If you don't want Grub to boot it just use the FreeDOS to run "fdisk /mbr" again like I said in my last post.


----------



## newbie17 (Feb 15, 2008)

Folks - could you please help me.
I followed the following instructions for uninstalling suse10:
http://www.softwaretipsandtricks.co...-i-remove-suse-linux-dual-boot-system-xp.html

Basically through xp I deleted the 2 Healthy (unknown partition)s and had (C Healthy (System) and unallocated space.

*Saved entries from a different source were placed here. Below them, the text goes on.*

lemma ptilde_truncated_le_powr:
  fixes A :: real
  assumes Fu: "cdf_of M u > 0" and A: "A > 0" and x: "2 \<le> g - real n * \<mu>"
    and l: "l > 0" and uD: "u - \<mu> \<le> C * (g - real n * \<mu>) / sqrt l" and AC: "A * C / sqrt l \<le> \<delta> / 2"
    and n_small: "A\<^sup>2 * mgf_constant A * real n * ln (g - real n * \<mu>) \<le> (g - real n * \<mu>)\<^sup>2"
  shows "ptilde (truncated M u) n g \<le> (g - real n * \<mu>) powr (1 - A)"
proof -
  define c where "c = mgf_constant A"
  define x where "x = g - real n * \<mu>"
  define s where "s = A * ln x / x"
  define D where "D = C * x / sqrt l"
  have s: "s > 0" using A x by (simp add: s_def x_def)
  have c: "c \<ge> 0" unfolding c_def by (rule mgf_constant_nonneg)
  \<comment> \<open>the choice of \<open>s\<close> makes the \<open>(2+\<delta>)\<close>-moment term of the moment generating function bounded\<close>
  have "s powr \<delta> * exp (s * D) \<le> (2 * A) powr \<delta>"
    unfolding s_def D_def using powr_mult_exp_le[OF _ A delta_pos l AC, of x] x
    by (simp add: x_def mult.assoc)
  then have "expectation (\<lambda>v. \<bar>v - \<mu>\<bar> powr (2 + \<delta>)) * s powr \<delta> * exp (s * D)
      \<le> expectation (\<lambda>v. \<bar>v - \<mu>\<bar> powr (2 + \<delta>)) * (2 * A) powr \<delta>"
    by (simp add: mult.assoc mult_left_mono)
  then have "s\<^sup>2 / (2 * cdf_of M \<mu>) * (exp 1 * expectation (\<lambda>v. (v - \<mu>)\<^sup>2)
        + expectation (\<lambda>v. \<bar>v - \<mu>\<bar> powr (2 + \<delta>)) * s powr \<delta> * exp (s * D))
      \<le> s\<^sup>2 / (2 * cdf_of M \<mu>) * (exp 1 * expectation (\<lambda>v. (v - \<mu>)\<^sup>2)
        + expectation (\<lambda>v. \<bar>v - \<mu>\<bar> powr (2 + \<delta>)) * (2 * A) powr \<delta>)"
    using cdf_at_mean_pos by (intro mult_left_mono add_left_mono) auto
  also have "\<dots> = s\<^sup>2 * c" by (simp add: c_def mgf_constant_def)
  finally have mgf_coefficient_le: "s\<^sup>2 / (2 * cdf_of M \<mu>) * (exp 1 * expectation (\<lambda>v. (v - \<mu>)\<^sup>2)
      + expectation (\<lambda>v. \<bar>v - \<mu>\<bar> powr (2 + \<delta>)) * s powr \<delta> * exp (s * D)) \<le> s\<^sup>2 * c" .
  have "u - \<mu> \<le> D" using uD by (simp add: D_def x_def)
  then have "(\<integral>\<^sup>+ v. ennreal (exp (s * (v - \<mu>))) \<partial>truncated M u)
      \<le> ennreal (1 + s\<^sup>2 / (2 * cdf_of M \<mu>) * (exp 1 * expectation (\<lambda>v. (v - \<mu>)\<^sup>2)
        + expectation (\<lambda>v. \<bar>v - \<mu>\<bar> powr (2 + \<delta>)) * s powr \<delta> * exp (s * D)))"
    by (rule nn_integral_truncated_exp_le[OF prob_space_axioms sets_M Fu cdf_at_mean_pos s delta_pos _
          integrable_centered(3) expectation_centered integrable_centered(2,1)])
  then have "(\<integral>\<^sup>+ v. ennreal (exp (s * (v - \<mu>))) \<partial>truncated M u) \<le> ennreal (1 + s\<^sup>2 * c)"
    using mgf_coefficient_le by (elim order_trans) (simp add: ennreal_leI)
  then have "ptilde (truncated M u) n g \<le> exp (- s * x) * (1 + s\<^sup>2 * c) ^ n"
    using ptilde_le_exp_mgf[OF prob_space_truncated sets_truncated, OF prob_space_axioms sets_M Fu
        prob_space_axioms sets_M Fu s] c
    by (simp add: x_def)
  also have "\<dots> \<le> x powr (1 - A)"
    unfolding s_def using exp_mult_one_plus_power_le_powr[of x c A n] x c n_small
    by (simp add: x_def c_def mult.assoc)
  finally show ?thesis by (simp add: x_def)
qed
lemma Phi_op_closure:
  assumes J: "complex_structure J" and "A \<subseteq> bops J"
  shows "Phi J (op_closure J A) E = Phi J A E"
proof
  show "Phi J A E \<subseteq> Phi J (op_closure J A) E" using assms(2) by (intro Phi_mono subset_op_closure)
  show "Phi J (op_closure J A) E \<subseteq> Phi J A E"
  proof (rule Phi_least[OF J])
    fix T x assume "T \<in> op_closure J A" "x \<in> E"
    have "(\<lambda>S. S x) ` A \<subseteq> Phi J A E" using \<open>x \<in> E\<close> apply_in_Phi by blast
    then have "closure ((\<lambda>S. S x) ` A) \<subseteq> Phi J A E"
      using closed_Phi by (rule closure_minimal)
    then show "T x \<in> Phi J A E" using apply_op_closure_in_closure[OF assms(2) \<open>T \<in> op_closure J A\<close>] by blast
  qed
qed

section \<open>Rank-one operators in the nest algebra\<close>

text \<open>The complex-linear rank-one operator \<open>z \<mapsto> \<phi>(z) u\<close>, where \<open>\<phi> = g - i (g \<circ> J)\<close> is the
  complex functional whose real part is \<open>g\<close>.\<close>
definition cx_rank_one :: "('a::real_vector \<Rightarrow> 'a) \<Rightarrow> ('a \<Rightarrow> real) \<Rightarrow> 'a \<Rightarrow> 'a \<Rightarrow> 'a" where
  "cx_rank_one J g u z = g z *\<^sub>R u - g (J z) *\<^sub>R J u"

lemma cx_rank_one_bops:
  assumes J: "complex_structure J" and g: "bounded_linear g"
  shows "cx_rank_one J g u \<in> bops J"
  unfolding bops_def
proof (intro CollectI conjI allI)
  have "bounded_linear (\<lambda>z. g z *\<^sub>R u)"
    by (rule bounded_linear_compose[OF bounded_linear_scaleR_left g])
  moreover have "bounded_linear (\<lambda>z. g (J z) *\<^sub>R J u)"
    by (rule bounded_linear_compose[OF bounded_linear_scaleR_left
          bounded_linear_compose[OF g complex_structureD(4)[OF J]]])
  ultimately show "bounded_linear (cx_rank_one J g u)"
    unfolding cx_rank_one_def[abs_def] by (rule bounded_linear_sub)
  have "linear g" "linear J" using g complex_structureD(1)[OF J] by (auto intro: bounded_linear.linear)
  then show "cx_rank_one J g u (J z) = J (cx_rank_one J g u z)" for z
    by (simp add: cx_rank_one_def complex_structureD(2)[OF J] linear_neg[of g] linear_diff[of J]
        linear_scale[of J])
qed
(* Fix $\alpha,\beta\in(0,1)$ and consider the decoupled process with parameters $(G,r,T,\alpha,\beta)$. For $t\in\mathbb{N}$ let $u,v$ be chosen uniformly and independently from $B_{t,G}(r)$, independently of the process, and let $p_t=\Pr[\mathrm{origin}_t(u)=\mathrm{origin}_t(v)]$ (probability over both the process and the choice of $u,v$). Let $\lambda(t)=\dfrac{|\{x:g_t(x)=+1\}|-|\{x:g_t(x)=-1\}|}{|B_{t,G}(r)|}$. If $p_t\to0$ as $t\to\infty$, then for every $\eta>0$ there is $t_0$ such that $\Pr[|\lambda(t)-\mathbb{E}\lambda(t)|>\eta]<\eta$ for all $t\ge t_0$. Moreover, if $p_t\le e^{-c_1t^{c_2}}$ for constants $c_1,c_2>0$, then there are constants $c_3,c_4,c_5,c_6>0$ with $\Pr[|\lambda(t)-\mathbb{E}\lambda(t)|>e^{-c_3t^{c_4}}]\le e^{-c_5t^{c_6}}$ for all sufficiently large $t$.
   Context: Decoupled process. Fix $\alpha,\beta\in[0,1]$, a connected locally finite undirected graph $G$, root $r$, and a BFS spanning tree $T$ of $G$ rooted at $r$, oriented away from $r$, with parent map $p$. Let $Z_0=+1$, $Z_1,Z_2,\dots$ i.i.d. uniform on $\{-1,+1\}$, $Z_\infty=\bot$. Counter $\mathrm{count}_0=1$; $\mathrm{origin}_0(r)=0$ (and always $0$), $\mathrm{origin}_0(v)=\infty$ for $v\ne r$; $g_t(v)=Z_{\mathrm{origin}_t(v)}$. Update from $t$ to $t+1$ (independent choices): if $g_t(v)=g_t(p(v))=\bot$ then $\mathrm{origin}_{t+1}(v)=\infty$; nodes with $g_t(v)=\bot\ne g_t(p(v))$ are processed sequentially in a fixed order: w.p. $1-\alpha$, $\mathrm{origin}_{t+1}(v)=\mathrm{origin}_t(p(v))$; w.p. $\alpha$, $\mathrm{origin}_{t+1}(v)$ is the current counter value and the counter is then incremented; if $g_t(v)\ne\bot$, $v\ne r$: w.p. $\beta$, $\mathrm{origin}_{t+1}(v)=\mathrm{origin}_t(p(v))$, otherwise unchanged. $B_{t,G}(r)=\{x:d_G(r,x)\le t\}$; this is exactly the set of nodes with $g_t(x)\ne\bot$. *)

theory Defs
  imports "HOL-Probability.Probability"
begin

text \<open>Graph distance d_G(x,y): length of a shortest walk (connectedness is assumed separately).\<close>
definition gdist :: "('a \<Rightarrow> 'a \<Rightarrow> bool) \<Rightarrow> 'a \<Rightarrow> 'a \<Rightarrow> nat" where
  "gdist E x y = (LEAST n. (E ^^ n) x y)"

definition gball :: "('a \<Rightarrow> 'a \<Rightarrow> bool) \<Rightarrow> 'a \<Rightarrow> nat \<Rightarrow> 'a set" where
  "gball E r t = {x. gdist E r x \<le> t}"

definition conn_lf_graph :: "('a \<Rightarrow> 'a \<Rightarrow> bool) \<Rightarrow> bool" where
  "conn_lf_graph E \<longleftrightarrow> (\<forall>x y. E x y \<longrightarrow> E y x) \<and> (\<forall>x. finite {y. E x y})
     \<and> (\<forall>x y. E\<^sup>*\<^sup>* x y)"

text \<open>Parent map p of a BFS spanning tree of G rooted at r: every non-root vertex is joined
  by an edge of G to its parent, which is one step closer to r.\<close>
definition bfs_parent :: "('a \<Rightarrow> 'a \<Rightarrow> bool) \<Rightarrow> 'a \<Rightarrow> ('a \<Rightarrow> 'a) \<Rightarrow> bool" where
  "bfs_parent E r p \<longleftrightarrow>
     (\<forall>v. v \<noteq> r \<longrightarrow> E (p v) v \<and> gdist E r v = Suc (gdist E r (p v)))"

text \<open>State: (origin, counter, Z).  origin v = None encodes origin = \<infinity>.
  The signs Z_k (k \<ge> 1) are sampled (uniform on {-1,+1}, independently) at the moment the index k
  is allocated by the counter; Z_0 = +1.  Entries of Z at indices not yet allocated are never
  referenced.\<close>
type_synonym 'a dstate = "('a \<Rightarrow> nat option) \<times> nat \<times> (nat \<Rightarrow> int)"

definition dorigin :: "'a dstate \<Rightarrow> 'a \<Rightarrow> nat option" where
  "dorigin s = fst s"

text \<open>g_t(v) = Z_{origin_t(v)}, with None encoding \<bottom>.\<close>
definition dg :: "'a dstate \<Rightarrow> 'a \<Rightarrow> int option" where
  "dg s v = map_option (snd (snd s)) (fst s v)"

definition sign_pmf :: "int pmf" where
  "sign_pmf = pmf_of_set {-1, 1}"

text \<open>Processing one node v with g_t(v) = \<bottom> \<noteq> g_t(p v); og is the origin map at time t.\<close>
definition new_node :: "real \<Rightarrow> ('a \<Rightarrow> 'a) \<Rightarrow> ('a \<Rightarrow> nat option) \<Rightarrow> 'a \<Rightarrow> 'a dstate \<Rightarrow> 'a dstate pmf" where
  "new_node \<alpha> p og v s = (case s of (og', c, Z) \<Rightarrow>
     bind_pmf (bernoulli_pmf \<alpha>) (\<lambda>b. if b
        then bind_pmf sign_pmf (\<lambda>z. return_pmf (og'(v := Some c), Suc c, Z(c := z)))
        else return_pmf (og'(v := og (p v)), c, Z)))"

fun seq_new :: "real \<Rightarrow> ('a \<Rightarrow> 'a) \<Rightarrow> ('a \<Rightarrow> nat option) \<Rightarrow> 'a list \<Rightarrow> 'a dstate \<Rightarrow> 'a dstate pmf" where
  "seq_new \<alpha> p og [] s = return_pmf s"
| "seq_new \<alpha> p og (v # vs) s = bind_pmf (new_node \<alpha> p og v s) (seq_new \<alpha> p og vs)"

text \<open>Processing one node v \<noteq> r with g_t(v) \<noteq> \<bottom>.\<close>
definition old_node :: "real \<Rightarrow> ('a \<Rightarrow> 'a) \<Rightarrow> ('a \<Rightarrow> nat option) \<Rightarrow> 'a \<Rightarrow> 'a dstate \<Rightarrow> 'a dstate pmf" where
  "old_node \<beta> p og v s = (case s of (og', c, Z) \<Rightarrow>
     bind_pmf (bernoulli_pmf \<beta>) (\<lambda>b. return_pmf (if b then og'(v := og (p v)) else og', c, Z)))"

fun seq_old :: "real \<Rightarrow> ('a \<Rightarrow> 'a) \<Rightarrow> ('a \<Rightarrow> nat option) \<Rightarrow> 'a list \<Rightarrow> 'a dstate \<Rightarrow> 'a dstate pmf" where
  "seq_old \<beta> p og [] s = return_pmf s"
| "seq_old \<beta> p og (v # vs) s = bind_pmf (old_node \<beta> p og v s) (seq_old \<beta> p og vs)"

text \<open>One step t \<rightarrow> t+1.  The fixed processing order of the new nodes is the order of the
  vertex type.  Nodes with g_t(v) = g_t(p v) = \<bottom> keep origin \<infinity>; the root keeps origin 0.\<close>
definition dstep :: "real \<Rightarrow> real \<Rightarrow> ('a::linorder \<Rightarrow> 'a) \<Rightarrow> 'a \<Rightarrow> 'a dstate \<Rightarrow> 'a dstate pmf" where
  "dstep \<alpha> \<beta> p r s = (case s of (og, c, Z) \<Rightarrow>
     bind_pmf (seq_new \<alpha> p og (sorted_list_of_set {v. og v = None \<and> og (p v) \<noteq> None}) (og, c, Z))
       (seq_old \<beta> p og (sorted_list_of_set {v. og v \<noteq> None \<and> v \<noteq> r})))"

I then rebooted and tried fdisk /mbr at grub with a bootable xp cd, returns "Error 27: Unrecognized command".
I also let it boot from cd and tried to go into Recovery Console - it shows "Setup did not find any hard disk drives installed on your computer".

would really appreciate any input/tips - my goal was to learn a little more about disk partitioning by uninstalling suse, have deallocated space merge into windows, partition my disk again and install ubuntu.


----------



## saikee (Jun 11, 2004)

> "Setup did not find any hard disk drives installed on your computer".


That means XP CD cannot recognised your Sata hard disk. If you feed a Sata driver then it can recognise the disk. Just the first message at the screen bottom when you boot the XP CD. It asks you to press F6 if you have such driver.

The Sata driver is supplied with the mobo.


----------